(* Let $\mathcal{H}=(V,\mathcal{A})$ be a HyTN (possibly containing both multi-head and multi-tail hyperarcs) all of whose weights are integers, and suppose $\mathcal{H}$ is consistent. Let $T=\sum_{A\in\mathcal{A}}\sum_{v} |w_A(v)|$, where for each hyperarc $A$ the inner sum ranges over the nodes $v$ at which $w_A$ is defined (the heads of a multi-head hyperarc, the tails of a multi-tail hyperarc). Then $\mathcal{H}$ admits a feasible scheduling $s:V\to\{-T,-T+1,\ldots,T-1,T\}$ (in particular an integral one).
   Context: A Hyper Temporal Network (HyTN) is a pair $\mathcal{H}=(V,\mathcal{A})$ with $V$ a finite set of nodes (timepoints) and $\mathcal{A}$ a finite set of hyperarcs. Each hyperarc is either multi-head or multi-tail. A multi-head hyperarc $A=(t_A,H_A,w_A)$ has a tail $t_A\in V$, a nonempty head set $H_A\subseteq V\setminus\{t_A\}$ and weights $w_A(v)\in\mathbb{R}$ for $v\in H_A$. A multi-tail hyperarc $A=(T_A,h_A,w_A)$ has a head $h_A\in V$, a nonempty tail set $T_A\subseteq V\setminus\{h_A\}$ and weights $w_A(v)\in\mathbb{R}$ for $v\in T_A$. A hyperarc with exactly one head (resp. one tail) is a standard arc $(t,h,w)$. A scheduling $s:V\to\mathbb{R}$ is feasible if: for every standard arc $(t,h,w)$, $s(h)-s(t)\le w$; for every multi-head hyperarc $A$, $s(t_A)\ge\min_{v\in H_A}\{s(v)-w_A(v)\}$; for every multi-tail hyperarc $A$, $s(h_A)\le\max_{v\in T_A}\{s(v)+w_A(v)\}$. $\mathcal{H}$ is consistent if it admits a feasible scheduling. *)

theory Defs
  imports Main "HOL.Real"
begin

text \<open>A hyperarc is either multi-head (tail, head set, weights on heads)
or multi-tail (tail set, head, weights on tails). A standard arc is a
hyperarc with a single head (resp. single tail).\<close>

datatype 'v hyperarc =
    MultiHead 'v "'v set" "'v \<Rightarrow> real"
  | MultiTail "'v set" 'v "'v \<Rightarrow> real"

fun arc_wdom :: "'v hyperarc \<Rightarrow> 'v set" where
  "arc_wdom (MultiHead t H w) = H"
| "arc_wdom (MultiTail T h w) = T"

fun arc_weight :: "'v hyperarc \<Rightarrow> 'v \<Rightarrow> real" where
  "arc_weight (MultiHead t H w) = w"
| "arc_weight (MultiTail T h w) = w"

fun wf_hyperarc :: "'v set \<Rightarrow> 'v hyperarc \<Rightarrow> bool" where
  "wf_hyperarc V (MultiHead t H w) \<longleftrightarrow> t \<in> V \<and> H \<noteq> {} \<and> H \<subseteq> V - {t}"
| "wf_hyperarc V (MultiTail T h w) \<longleftrightarrow> h \<in> V \<and> T \<noteq> {} \<and> T \<subseteq> V - {h}"

definition HyTN :: "'v set \<Rightarrow> 'v hyperarc set \<Rightarrow> bool" where
  "HyTN V A \<longleftrightarrow> finite V \<and> finite A \<and> (\<forall>a\<in>A. wf_hyperarc V a)"

text \<open>Satisfaction of a hyperarc by a scheduling. For a standard arc
(single head / single tail) this is exactly s(h) - s(t) \<le> w.\<close>
fun satisfies :: "('v \<Rightarrow> real) \<Rightarrow> 'v hyperarc \<Rightarrow> bool" where
  "satisfies s (MultiHead t H w) \<longleftrightarrow> s t \<ge> Min ((\<lambda>v. s v - w v) ` H)"
| "satisfies s (MultiTail T h w) \<longleftrightarrow> s h \<le> Max ((\<lambda>v. s v + w v) ` T)"

definition feasible :: "'v hyperarc set \<Rightarrow> ('v \<Rightarrow> real) \<Rightarrow> bool" where
  "feasible A s \<longleftrightarrow> (\<forall>a\<in>A. satisfies s a)"

definition consistent :: "'v hyperarc set \<Rightarrow> bool" where
  "consistent A \<longleftrightarrow> (\<exists>s. feasible A s)"

definition integer_weights :: "'v hyperarc set \<Rightarrow> bool" where
  "integer_weights A \<longleftrightarrow> (\<forall>a\<in>A. \<forall>v\<in>arc_wdom a. arc_weight a v \<in> \<int>)"

definition total_weight :: "'v hyperarc set \<Rightarrow> real" where
  "total_weight A = (\<Sum>a\<in>A. \<Sum>v\<in>arc_wdom a. \<bar>arc_weight a v\<bar>)"

end

theory Submission
  imports Defs
begin

text \<open>A feasible scheduling satisfies every hyperarc through one of its component standard arcs
(the one attaining the min, resp. max); replacing each hyperarc by that arc yields a system of
integer difference constraints, which implies the hyperarc system. For difference constraints,
the nonpositive integer solution with maximal coordinate sum has the property that every level
between a value g v and 0 is crossed by a tight constraint with negative weight; a constraint of
weight w crosses at most |w| levels, so g v \<ge> -T.\<close>

definition diff_solution :: "'e set \<Rightarrow> ('e \<Rightarrow> 'v) \<Rightarrow> ('e \<Rightarrow> 'v) \<Rightarrow> ('e \<Rightarrow> int) \<Rightarrow> ('v \<Rightarrow> int) \<Rightarrow> bool"
  where "diff_solution E X Y W g \<longleftrightarrow> (\<forall>e\<in>E. g (X e) - g (Y e) \<le> W e)"

lemma satisfies_via_active_arc:
  assumes "finite (arc_wdom a)" "arc_wdom a \<noteq> {}" "satisfies s0 a"
  obtains x y v where "v \<in> arc_wdom a" "s0 x - s0 y \<le> arc_weight a v"
    "\<And>s. s x - s y \<le> arc_weight a v \<Longrightarrow> satisfies s a"
proof (cases a)
  case (MultiHead t H w)
  with assms have "finite H" "H \<noteq> {}" by auto
  then have "Min ((\<lambda>v. s0 v - w v) ` H) \<in> (\<lambda>v. s0 v - w v) ` H" by (intro Min_in) auto
  then obtain v where v: "v \<in> H" "Min ((\<lambda>v. s0 v - w v) ` H) = s0 v - w v" by auto
  have "satisfies s a" if "s v - s t \<le> w v" for s
    using that Min_le[OF finite_imageI[OF \<open>finite H\<close>], of "s v - w v"] v MultiHead by force
  with v assms(3) MultiHead show ?thesis by (intro that[of v v t]) auto
next
  case (MultiTail T h w)
  with assms have "finite T" "T \<noteq> {}" by auto
  then have "Max ((\<lambda>v. s0 v + w v) ` T) \<in> (\<lambda>v. s0 v + w v) ` T" by (intro Max_in) auto
  then obtain v where v: "v \<in> T" "Max ((\<lambda>v. s0 v + w v) ` T) = s0 v + w v" by auto
  have "satisfies s a" if "s h - s v \<le> w v" for s
    using that Max_ge[OF finite_imageI[OF \<open>finite T\<close>], of "s v + w v"] v MultiTail by force
  with v assms(3) MultiTail show ?thesis by (intro that[of v h v]) auto
qed

lemma diff_solution_floor:
  assumes "\<forall>e\<in>E. s (X e) - s (Y e) \<le> of_int (W e)"
  shows "diff_solution E X Y W (\<lambda>v. \<lfloor>s v\<rfloor>)"
  unfolding diff_solution_def
proof
  fix e assume "e \<in> E"
  then have "\<lfloor>s (X e)\<rfloor> \<le> \<lfloor>s (Y e) + of_int (W e)\<rfloor>"
    using assms by (intro floor_mono) auto
  then show "\<lfloor>s (X e)\<rfloor> - \<lfloor>s (Y e)\<rfloor> \<le> W e" by simp
qed

lemma interval_cover_length_le:
  fixes l u :: "'e \<Rightarrow> int"
  assumes "finite E" "{m..<n} \<subseteq> (\<Union>e\<in>E. {l e..<u e})"
  shows "n - m \<le> (\<Sum>e\<in>E. max 0 (u e - l e))"
proof -
  have "card {m..<n} \<le> card (\<Union>e\<in>E. {l e..<u e})"
    using assms by (intro card_mono) auto
  also have "\<dots> \<le> (\<Sum>e\<in>E. card {l e..<u e})"
    using card_UN_le[OF assms(1)] .
  finally have "int (card {m..<n}) \<le> (\<Sum>e\<in>E. int (card {l e..<u e}))"
    by (metis of_nat_le_iff of_nat_sum)
  then show ?thesis by (simp add: max_def split: if_splits)
qed

text \<open>Raising every value \<open>\<le> c\<close> by one preserves all constraints unless some constraint is
tight across the cut between \<open>c\<close> and \<open>c + 1\<close>; so a sum-maximal solution has such a constraint.\<close>

lemma maximal_nonpos_diff_solution_cut:
  fixes g :: "'v \<Rightarrow> int"
  assumes "finite V" "diff_solution E X Y W g" "\<forall>v\<in>V. g v \<le> 0"
    and maximal: "\<And>h. diff_solution E X Y W h \<Longrightarrow> \<forall>v\<in>V. h v \<le> 0 \<Longrightarrow> sum h V \<le> sum g V"
    and "c < 0" "v0 \<in> V" "g v0 \<le> c"
  shows "\<exists>e\<in>E. g (X e) \<le> c \<and> c < g (Y e) \<and> g (Y e) - g (X e) \<le> - W e"
proof (rule ccontr)
  assume no_cut: "\<not> ?thesis"
  define h where "h v = (if g v \<le> c then g v + 1 else g v)" for v
  have "diff_solution E X Y W h"
    using assms(2) no_cut unfolding diff_solution_def h_def by force
  moreover have "\<forall>v\<in>V. h v \<le> 0" using assms(3,5) unfolding h_def by auto
  moreover have "sum g V < sum h V"
    using assms(1,6,7) by (intro sum_strict_mono_ex1) (auto simp: h_def)
  ultimately show False using maximal by fastforce
qed

lemma diff_solution_bounded:
  fixes W :: "'e \<Rightarrow> int" and s :: "'v \<Rightarrow> real"
  assumes "finite V" "finite E" "\<forall>e\<in>E. s (X e) - s (Y e) \<le> of_int (W e)"
  shows "\<exists>g. diff_solution E X Y W g \<and> (\<forall>v\<in>V. - (\<Sum>e\<in>E. \<bar>W e\<bar>) \<le> g v \<and> g v \<le> 0)"
proof -
  define P where "P g \<longleftrightarrow> diff_solution E X Y W g \<and> (\<forall>v\<in>V. g v \<le> 0)" for g
  define g0 where "g0 v = \<lfloor>s v\<rfloor> - Max ((\<lambda>v. \<lfloor>s v\<rfloor>) ` V)" for v
  have "diff_solution E X Y W (\<lambda>v. \<lfloor>s v\<rfloor>)"
    using assms(3) by (rule diff_solution_floor)
  then have "P g0"
    using assms(1)
    unfolding P_def g0_def diff_solution_def by auto
  then obtain g where "P g" and least: "\<And>h. P h \<Longrightarrow> nat (- sum g V) \<le> nat (- sum h V)"
    using ex_has_least_nat[of P g0 "\<lambda>g. nat (- sum g V)"] by blast
  then have sol: "diff_solution E X Y W g" and nonpos: "\<forall>v\<in>V. g v \<le> 0"
    unfolding P_def by auto
  have maximal: "sum h V \<le> sum g V" if "diff_solution E X Y W h" "\<forall>v\<in>V. h v \<le> 0" for h
    using least[of h] that sum_nonpos[of V h] unfolding P_def by simp
  have "- (\<Sum>e\<in>E. \<bar>W e\<bar>) \<le> g v" if "v \<in> V" for v
  proof -
    define tight where "tight e \<longleftrightarrow> g (Y e) - g (X e) \<le> - W e" for e
    define u where "u e = (if tight e then g (Y e) else g (X e))" for e
    have "{g v..<0} \<subseteq> (\<Union>e\<in>E. {g (X e)..<u e})"
      using maximal_nonpos_diff_solution_cut[OF assms(1) sol nonpos maximal _ that]
      unfolding u_def tight_def by fastforce
    then have "0 - g v \<le> (\<Sum>e\<in>E. max 0 (u e - g (X e)))"
      by (rule interval_cover_length_le[OF assms(2)])
    also have "\<dots> \<le> (\<Sum>e\<in>E. \<bar>W e\<bar>)"
      by (intro sum_mono) (auto simp: u_def tight_def)
    finally show ?thesis by simp
  qed
  with sol nonpos show ?thesis by blast
qed

lemma HyTN_arc_wdom:
  assumes "HyTN V A" "a \<in> A"
  shows "finite (arc_wdom a)" "arc_wdom a \<noteq> {}"
proof -
  have "finite V" "wf_hyperarc V a" using assms unfolding HyTN_def by auto
  then show "finite (arc_wdom a)" "arc_wdom a \<noteq> {}"
    by (cases a; auto intro: finite_subset)+
qed

lemma feasible_active_arcs:
  assumes "\<And>a. a \<in> A \<Longrightarrow> finite (arc_wdom a) \<and> arc_wdom a \<noteq> {}" "feasible A s0"
  obtains X Y U where "\<And>a. a \<in> A \<Longrightarrow> U a \<in> arc_wdom a"
    "\<And>a. a \<in> A \<Longrightarrow> s0 (X a) - s0 (Y a) \<le> arc_weight a (U a)"
    "\<And>a s. a \<in> A \<Longrightarrow> s (X a) - s (Y a) \<le> arc_weight a (U a) \<Longrightarrow> satisfies s a"
proof -
  have "\<forall>a\<in>A. \<exists>x y v. v \<in> arc_wdom a \<and> s0 x - s0 y \<le> arc_weight a v
      \<and> (\<forall>s. s x - s y \<le> arc_weight a v \<longrightarrow> satisfies s a)"
    using assms satisfies_via_active_arc unfolding feasible_def by metis
  then show ?thesis using that by metis
qed

lemma sum_abs_active_weights_le_total_weight:
  assumes "\<And>a. a \<in> A \<Longrightarrow> finite (arc_wdom a) \<and> U a \<in> arc_wdom a"
  shows "(\<Sum>a\<in>A. \<bar>arc_weight a (U a)\<bar>) \<le> total_weight A"
  unfolding total_weight_def using assms by (intro sum_mono member_le_sum) auto

theorem lemma1:
  fixes V :: "'v set" and A :: "'v hyperarc set"
  assumes "HyTN V A"
    and "integer_weights A"
    and "consistent A"
  shows "\<exists>s. feasible A s \<and>
           (\<forall>v\<in>V. s v \<in> \<int> \<and> - total_weight A \<le> s v \<and> s v \<le> total_weight A)"
proof -
  have finite: "finite V" "finite A" using assms(1) unfolding HyTN_def by auto
  note dom = HyTN_arc_wdom[OF assms(1)]
  obtain s0 where "feasible A s0" using assms(3) unfolding consistent_def by auto
  then obtain X Y U where U: "\<And>a. a \<in> A \<Longrightarrow> U a \<in> arc_wdom a"
    and s0: "\<And>a. a \<in> A \<Longrightarrow> s0 (X a) - s0 (Y a) \<le> arc_weight a (U a)"
    and active: "\<And>a s. a \<in> A \<Longrightarrow> s (X a) - s (Y a) \<le> arc_weight a (U a) \<Longrightarrow> satisfies s a"
    using feasible_active_arcs[of A] dom by metis
  define W where "W a = \<lfloor>arc_weight a (U a)\<rfloor>" for a
  have W: "of_int (W a) = arc_weight a (U a)" if "a \<in> A" for a
    using assms(2) U[OF that] that unfolding integer_weights_def W_def
    by (metis Ints_cases floor_of_int)
  obtain g where g: "diff_solution A X Y W g" "\<forall>v\<in>V. - (\<Sum>a\<in>A. \<bar>W a\<bar>) \<le> g v \<and> g v \<le> 0"
    using diff_solution_bounded[OF finite, of s0 X Y W] s0 W by force
  have feasible: "feasible A (\<lambda>v. of_int (g v))"
    using g(1) active W unfolding feasible_def diff_solution_def
    by (metis of_int_diff of_int_le_iff)
  have bound: "of_int (\<Sum>a\<in>A. \<bar>W a\<bar>) \<le> total_weight A"
    using sum_abs_active_weights_le_total_weight[of A U] U dom W by simp
  have range: "- total_weight A \<le> of_int (g v) \<and> of_int (g v) \<le> total_weight A" if "v \<in> V" for v
  proof -
    have "of_int (- (\<Sum>a\<in>A. \<bar>W a\<bar>)) \<le> (of_int (g v) :: real)" "(of_int (g v) :: real) \<le> 0"
      using g(2) that of_int_le_iff[where 'a=real] by (metis of_int_0)+
    with bound show ?thesis by simp
  qed
  show ?thesis using feasible range by (intro exI[of _ "\<lambda>v. of_int (g v)"]) simp
qed

end
theorem lemma4p3:
  fixes \<mu> :: "('a::{topological_ab_group_add, t2_space}) measure"
    and B :: "'a set" and Y :: "'b topology" and m n :: nat
  assumes "compact (UNIV :: 'a set)"
    and "haar_prob \<mu>"
    and "K_analytic_via Y B"
  shows "diffset m n B \<in> sets (completion \<mu>) \<and>
         emeasure (completion \<mu>) (diffset m n B) =
           (SUP D \<in> {D. D \<subseteq> B \<and> compact D}. emeasure \<mu> (diffset m n D))"
proof -
  have space: "space \<mu> = UNIV" and sets: "sets \<mu> = sets borel" and "prob_space \<mu>"
    and outer: "\<And>A. A \<in> sets borel \<Longrightarrow> emeasure \<mu> A = (INF U \<in> {U. open U \<and> A \<subseteq> U}. emeasure \<mu> U)"
    using assms(2) unfolding haar_prob_def by auto
  have outer_compact: "emeasure \<mu> K = (INF U \<in> {U. open U \<and> K \<subseteq> U}. emeasure \<mu> U)"
    if "compact K" for K
    by (rule outer[OF borel_closed[OF compact_imp_closed[OF that]]])
  have sets_diffset: "diffset m n D \<in> sets \<mu>" if "compact D" for D
    using compact_diffset[OF that] sets by (simp add: borel_closed compact_imp_closed)
  show ?thesis
  proof (rule emeasure_completion_SUP_inner)
    show "finite_measure \<mu>" using \<open>prob_space \<mu>\<close> by (rule prob_space.finite_measure)
    show "diffset m n B \<subseteq> space \<mu>" by (simp add: space)
    show "diffset m n D \<in> sets \<mu> \<and> diffset m n D \<subseteq> diffset m n B"
      if "D \<in> {D. D \<subseteq> B \<and> compact D}" for D
      using that by (simp add: sets_diffset diffset_mono)
  next
    fix r assume r: "r < outer_measure_of \<mu> (diffset m n B)"
    obtain D where "D \<subseteq> B" "compact D" "r \<le> emeasure \<mu> (diffset m n D)"
      by (rule diffset_inner_compact[OF assms(3) sets outer_compact r])
    then show "\<exists>D \<in> {D. D \<subseteq> B \<and> compact D}. r \<le> emeasure \<mu> (diffset m n D)" by blast
  qed
qed

end
lemma trapezoid_error_abs_le:
  fixes h h' h'' :: "real \<Rightarrow> real"
  assumes "finite C" and cont: "continuous_on {0..1} h"
    and deriv: "\<And>x. x \<in> {0..1} - C \<Longrightarrow> (h has_real_derivative h' x) (at x within {0..1})"
    and deriv2: "\<And>x. x \<in> {0..1} - C \<Longrightarrow> (h' has_real_derivative h'' x) (at x within {0..1})"
    and bound: "\<And>x. x \<in> {0..1} - C \<Longrightarrow> \<bar>h'' x\<bar> \<le> M"
    and deriv_bound: "\<And>x. x \<in> {0..1} - C \<Longrightarrow> \<bar>h' x\<bar> \<le> B"
    and "n \<ge> 1"
  shows "\<bar>trapezoid_error h n\<bar> \<le> (\<bar>M\<bar> + 2 * \<bar>B\<bar> * card C) / real n"
proof -
  have lip: "\<bar>h x - h y\<bar> \<le> B * \<bar>x - y\<bar>" if "x \<in> {0..1}" "y \<in> {0..1}" for x y
    using lipschitz_of_deriv_bound_off_finite[OF \<open>finite C\<close> cont deriv deriv_bound that] .
  define H where "H x = integral {0..x} h" for x
  have H: "(H has_real_derivative h t) (at t within {0..1})" if "t \<in> {0..1}" for t
    unfolding H_def by (rule integral_has_real_derivative[OF cont that])
  define \<delta> where "\<delta> = 1 / real n"
  let ?x = "\<lambda>k. real k / real n"
  let ?cell = "\<lambda>k. trapezoid_cell_error h H (?x k) (?x (Suc k))"
  let ?count = "\<lambda>k. real (card {x\<in>C. x \<in> {?x k..?x (Suc k)}})"
  have n\<delta>: "real n * \<delta> = 1" "0 \<le> \<delta>"
    using \<open>n \<ge> 1\<close> by (simp_all add: \<delta>_def)
  have "\<bar>?cell k\<bar> \<le> \<bar>M\<bar> * \<delta>^3 + \<bar>B\<bar> * \<delta>^2 * ?count k" if "k < n" for k
  proof -
    have width: "?x (Suc k) - ?x k = \<delta>"
      by (simp add: \<delta>_def diff_divide_distrib[symmetric])
    have "0 \<le> ?x k" "?x k \<le> ?x (Suc k)" "?x (Suc k) \<le> 1"
      using \<open>k < n\<close> by (simp_all add: divide_right_mono)
    from trapezoid_cell_error_le[OF \<open>finite C\<close> H deriv deriv2 bound lip this, unfolded width]
    show ?thesis .
  qed
  then have "\<bar>\<Sum>k<n. ?cell k\<bar> \<le> (\<Sum>k<n. \<bar>M\<bar> * \<delta>^3 + \<bar>B\<bar> * \<delta>^2 * ?count k)"
    by (intro order_trans[OF sum_abs sum_mono]) simp
  also have "\<dots> = real n * \<bar>M\<bar> * \<delta>^3 + \<bar>B\<bar> * \<delta>^2 * (\<Sum>k<n. ?count k)"
    by (simp add: sum.distrib sum_distrib_left)
  also have "\<dots> \<le> real n * \<bar>M\<bar> * \<delta>^3 + \<bar>B\<bar> * \<delta>^2 * (2 * card C)"
    using sum_card_cells_containing_le[OF \<open>finite C\<close>, of n] n\<delta>(2)
    by (intro add_left_mono mult_left_mono) (simp_all flip: of_nat_sum)
  finally have "real n * \<bar>\<Sum>k<n. ?cell k\<bar>
      \<le> real n * (real n * \<bar>M\<bar> * \<delta>^3 + \<bar>B\<bar> * \<delta>^2 * (2 * card C))"
    by (rule mult_left_mono) simp
  also have "\<dots> = (real n * \<delta>)^2 * \<bar>M\<bar> * \<delta> + (real n * \<delta>) * \<bar>B\<bar> * \<delta> * (2 * card C)"
    by (simp add: power2_eq_square power3_eq_cube algebra_simps)
  also have "\<dots> = (\<bar>M\<bar> + 2 * \<bar>B\<bar> * card C) * \<delta>"
    unfolding n\<delta>(1) by (simp add: algebra_simps)
  finally have "real n * \<bar>\<Sum>k<n. ?cell k\<bar> \<le> (\<bar>M\<bar> + 2 * \<bar>B\<bar> * card C) * \<delta>" .
  moreover have "trapezoid_error h n = real n * (\<Sum>k<n. ?cell k)"
    by (rule trapezoid_error_eq_sum_cell_errors) (use \<open>n \<ge> 1\<close> in \<open>simp_all add: H_def\<close>)
  ultimately show ?thesis
    unfolding \<delta>_def by (simp add: abs_mult)
qed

------------------------------------------------

> _Directions for this task_
Start with the line above that contains "a\<bar>) \<le> g" and end with the line that contains "a\<bar>) \<le> total_weight". Write out those lines exactly, and only those.

> _Problem solution_
  obtain g where g: "diff_solution A X Y W g" "\<forall>v\<in>V. - (\<Sum>a\<in>A. \<bar>W a\<bar>) \<le> g v \<and> g v \<le> 0"
    using diff_solution_bounded[OF finite, of s0 X Y W] s0 W by force
  have feasible: "feasible A (\<lambda>v. of_int (g v))"
    using g(1) active W unfolding feasible_def diff_solution_def
    by (metis of_int_diff of_int_le_iff)
  have bound: "of_int (\<Sum>a\<in>A. \<bar>W a\<bar>) \<le> total_weight A"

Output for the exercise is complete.